Detecting unusually long titles
Very long artwork titles may indicate data issues, such as multiple titles stored in one cell or comments included in the title field, but they can also reflect descriptive cataloguing practices.
Create a custom text facet on the column Title using the
following GREL expression:
if(value.length() > 40, "long title", "short title")
What does this expression do in your own words?
How many long titles are there in the dataset?
The expression works as follows:
Inspect the cell with
value.length(), which calculates the number of characters in the title.The
if()function checks whether the title has more than 40 characters (value.length() > 40).Produce a new output. If the condition is true, the expression returns “long title”, otherwise it returns “short title”. OpenRefine then groups rows according to these generated values.
This means the facet does not group by the original cell content, but by values that are generated by the expression.
There are 1009 long titles in the dataset. Looking at these entries shows that many titles include a description in addition to the actual title.
Coming back to our column Artist Display Name, you can
also ask a more complex question: How many artists contributed to each
artwork? This question cannot easily be answered using the menu
interface alone. Instead of simply asking whether a pipe exists, we can
count how many artist names are stored in a cell. To do this, we first
split the text into a list and then count how many elements the list
contains.
value.split("|").length()
In this expression, we chain two operations together. First,
split() creates a list of names. Then
.length() counts how many elements are in that list. In the
window where you enter your GREL function, you can see the result it
produces as you type.
Working with GREL always starts with a question about the data. That’s why we’re going to take a look at the most common GREL functions and what they do.
Callout: GREL-Functions
Good places to look up your problem and the corresponding GREL function are:
Some useful functions include:
-
value.toLowercase()– lowercase the text. -
value.trim()– remove spaces at start/end. -
value.length()– number of characters. -
value.contains("text")–trueif “text” occurs. -
value.startsWith("A"),value.endsWith(".")– prefix/suffix checks. -
value.replace("old","new")– literal replace. -
value.replace(/\s+/," ")– regex replace (collapse multiple spaces). -
value.split(";")– split into an array on;. -
array.join("|")– join array back to a string.

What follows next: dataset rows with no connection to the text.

lemma spread_on_agreeing_maximal:
  fixes \<gamma> :: real
  assumes "finite X" "finite S" "K \<subseteq> S" "z \<in> X"
    and dense: "real (card (agreeing X K z)) \<ge> 2 powr (- \<gamma> * card K) * card X"
    and maximal: "\<And>K' w. K' \<subseteq> S \<Longrightarrow> w \<in> X \<Longrightarrow>
      real (card (agreeing X K' w)) \<ge> 2 powr (- \<gamma> * card K') * card X \<Longrightarrow> card K' \<le> card K"
  shows "spread_on n \<gamma> (agreeing X K z) (S - K)"
proof -
  define P where "P = agreeing X K z"
  have fin: "finite P" and ne: "P \<noteq> {}"
    using assms(1,4) agreeing_subset[of X K z] self_in_agreeing[of z X K]
    unfolding P_def by (auto intro: finite_subset)
  have "real (card (agreeing P K' w)) \<le> 2 powr (- \<gamma> * card K') * card P"
    if K': "K' \<subseteq> S - K" and w: "w \<in> P" for K' w
  proof (rule ccontr)
    assume "\<not> ?thesis"
    then have denser: "real (card (agreeing P K' w)) > 2 powr (- \<gamma> * card K') * card P" by simp
    have "finite K" "finite K'" using assms(2,3) K' by (auto intro: finite_subset)
    have card_Un: "card (K \<union> K') = card K + card K'"
      using K' \<open>finite K\<close> \<open>finite K'\<close> by (intro card_Un_disjoint) auto
    have "2 powr (- \<gamma> * card (K \<union> K')) * card X
        = 2 powr (- \<gamma> * card K') * (2 powr (- \<gamma> * card K) * card X)"
      by (simp add: card_Un powr_add[symmetric] algebra_simps)
    also have "\<dots> \<le> 2 powr (- \<gamma> * card K') * card P"
      using dense unfolding P_def by simp
    also have "\<dots> < card (agreeing P K' w)"
      by (rule denser)
    also have "agreeing P K' w = agreeing X (K \<union> K') w"
      using w unfolding P_def agreeing_Un by (simp add: agreeing_eq)
    finally have "2 powr (- \<gamma> * card (K \<union> K')) * card X \<le> card (agreeing X (K \<union> K') w)"
      by (rule less_imp_le)
    moreover have "K \<union> K' \<subseteq> S" using K' assms(3) by blast
    moreover have "w \<in> X" using w agreeing_subset unfolding P_def by blast
    ultimately have "card (K \<union> K') \<le> card K"
      using maximal by blast
    then have "K' = {}" using card_Un \<open>finite K'\<close> by simp
    then show False using denser by simp
  qed
  then show ?thesis unfolding P_def[symmetric] spread_on_iff_card[OF fin ne] by blast
qed

section \<open>Density-restoring partitions\<close>

text \<open>The density of each piece is measured relative to what is left of the set after
  removing the earlier pieces.\<close>

fun density_restoring_partition ::
  "nat \<Rightarrow> real \<Rightarrow> nat set \<Rightarrow> bool list set \<Rightarrow> (bool list set \<times> nat set) list \<Rightarrow> bool" where
  "density_restoring_partition n \<gamma> I X [] \<longleftrightarrow> X = {}"
| "density_restoring_partition n \<gamma> I X ((P, K) # L) \<longleftrightarrow>
     P \<subseteq> X \<and> K \<inter> I = {} \<and> structured n (I \<union> K) \<gamma> P \<and>
     real (card P) \<ge> 2 powr (- \<gamma> * card K) * card X \<and>
     density_restoring_partition n \<gamma> I (X - P) L"

lemma density_restoring_partition_exists:
  "X \<subseteq> cube n \<Longrightarrow> I \<subseteq> {..<n} \<Longrightarrow> fixed_on X I \<Longrightarrow> \<exists>L. density_restoring_partition n \<gamma> I X L"
proof (induction "card X" arbitrary: X rule: less_induct)
  case less
  show ?case
  proof (cases "X = {}")
    case True
    then show ?thesis by (metis density_restoring_partition.simps(1))
  next
    case False
    then obtain z0 where "z0 \<in> X" by blast
    have "finite X" using less.prems(1) finite_cube finite_subset by blast
    define S where "S = {..<n} - I"
    define dense where "dense Kz \<longleftrightarrow> fst Kz \<subseteq> S \<and> snd Kz \<in> X \<and>
      real (card (agreeing X (fst Kz) (snd Kz))) \<ge> 2 powr (- \<gamma> * card (fst Kz)) * card X" for Kz
    have "dense ({}, z0)" unfolding dense_def using \<open>z0 \<in> X\<close> by simp
    moreover have "card (fst Kz) < Suc n" if "dense Kz" for Kz
    proof -
      have "fst Kz \<subseteq> {..<n}" using that unfolding dense_def S_def by blast
      then show ?thesis using card_mono[of "{..<n}" "fst Kz"] by simp
    qed
    ultimately obtain Kz where "dense Kz" and max: "\<And>Kz'. dense Kz' \<Longrightarrow> card (fst Kz') \<le> card (fst Kz)"
      using ex_has_greatest_nat[of dense "({}, z0)" "card \<circ> fst" "Suc n"] by (metis comp_apply)
    obtain K z where Kz: "Kz = (K, z)" by fastforce
    have K: "K \<subseteq> S" "z \<in> X"
      and dense_K: "real (card (agreeing X K z)) \<ge> 2 powr (- \<gamma> * card K) * card X"
      using \<open>dense Kz\<close> unfolding dense_def Kz by auto
    define P where "P = agreeing X K z"
    have "{..<n} - (I \<union> K) = S - K" unfolding S_def by blast
    have "spread_on n \<gamma> P ({..<n} - (I \<union> K))"
      unfolding P_def \<open>{..<n} - (I \<union> K) = S - K\<close>
    proof (rule spread_on_agreeing_maximal)
      show "finite S" unfolding S_def by simp
      fix K' w
      assume "K' \<subseteq> S" "w \<in> X" "real (card (agreeing X K' w)) \<ge> 2 powr (- \<gamma> * card K') * card X"
      then show "card K' \<le> card K" using max[of "(K', w)"] unfolding dense_def Kz by simp
    qed (use \<open>finite X\<close> K dense_K in auto)
    moreover have "z \<in> P" "P \<subseteq> X"
      unfolding P_def using K self_in_agreeing agreeing_subset by auto
    moreover have "fixed_on P (I \<union> K)"
      unfolding P_def using less.prems(3) by (rule fixed_on_agreeing)
    moreover have "I \<union> K \<subseteq> {..<n}" using less.prems(2) K(1) unfolding S_def by blast
    ultimately have P: "structured n (I \<union> K) \<gamma> P"
      using less.prems(1) unfolding structured_def fixed_on_def by blast
    have "card (X - P) < card X"
      using \<open>finite X\<close> \<open>z \<in> P\<close> \<open>P \<subseteq> X\<close> by (intro psubset_card_mono) auto
    moreover have "fixed_on (X - P) I" using less.prems(3) by (rule fixed_on_subset) blast
    ultimately obtain L where "density_restoring_partition n \<gamma> I (X - P) L"
      using less.hyps[of "X - P"] less.prems(1,2) by blast
    moreover have "K \<inter> I = {}" using K(1) unfolding S_def by blast
    ultimately have "density_restoring_partition n \<gamma> I X ((P, K) # L)"
      using P \<open>P \<subseteq> X\<close> dense_K unfolding P_def by simp
    then show ?thesis by blast
  qed
qed

section \<open>Density budget\<close>

definition density :: "nat \<Rightarrow> bool list set \<Rightarrow> nat set \<Rightarrow> real" where
  "density n X I = card X * 2 powr (real (card I) - n)"

lemma density_nonneg: "density n X I \<ge> 0"
  by (simp add: density_def)

lemma density_le_1:
  assumes "structured n I \<gamma> X"
  shows "density n X I \<le> 1"
proof -
  note X = structuredD(2-4)[OF assms]
  then have "card I \<le> n" using card_mono[of "{..<n}" I] by simp
  have "real (card X) \<le> 2 powr real (n - card I)"
    using card_le_fixed_on[OF X] by (simp add: powr_realpow)
  then have "density n X I \<le> 2 powr real (n - card I) * 2 powr (real (card I) - n)"
    unfolding density_def by (rule mult_right_mono) simp
  also have "\<dots> = 1"
    using \<open>card I \<le> n\<close> by (simp add: of_nat_diff powr_add[symmetric])
  finally show ?thesis .
qed

definition density_budget ::
  "nat \<Rightarrow> real \<Rightarrow> real \<Rightarrow> bool list set \<Rightarrow> nat set \<Rightarrow> bool list set \<Rightarrow> nat set \<Rightarrow> real \<Rightarrow> bool" where
  "density_budget n \<gamma> k X I Y J B \<longleftrightarrow>
     B \<le> density n X I * density n Y J * 2 powr ((1 - \<gamma>) * (k - real (card I + card J)))"

lemma density_budget_commute:
  "density_budget n \<gamma> k X I Y J B \<longleftrightarrow> density_budget n \<gamma> k Y J X I B"
  by (simp add: density_budget_def ac_simps)

lemma codim_le_of_density_budget:
  assumes "\<gamma> < 1" "structured n I \<gamma> X" "structured n J \<gamma> Y" "1 \<le> B"
    and "density_budget n \<gamma> k X I Y J B"
  shows "real (card I + card J) \<le> k"
proof -
  define e where "e = (1 - \<gamma>) * (k - real (card I + card J))"
  have "density n X I * density n Y J \<le> 1"
    using assms(2,3) by (intro mult_le_one density_le_1 density_nonneg)
  then have "density n X I * density n Y J * 2 powr e \<le> 2 powr e"
    by (intro mult_left_le_one_le density_nonneg mult_nonneg_nonneg) auto
  moreover have "B \<le> density n X I * density n Y J * 2 powr e"
    using assms(5) unfolding density_budget_def e_def .
  ultimately have "1 \<le> 2 powr e"
    using assms(4) by linarith
  then have "0 \<le> e"
    using powr_le_cancel_iff[of 2 0 e] by simp
  then show ?thesis using assms(1) unfolding e_def by (simp add: zero_le_mult_iff)
qed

- Custom facets group data using computed results from a GREL
expression, not only the original cell values.
- GREL is a lightweight language that allows you to inspect, classify, and analyse data inside OpenRefine.
- Custom facets let you ask flexible questions about your data, such as identifying multiple creators or unusually long titles.
- With conditional expressions like
if(), you can define new categories that support deeper exploration and data-quality checks. - GREL functions can be chained together to answer more complex questions about your data.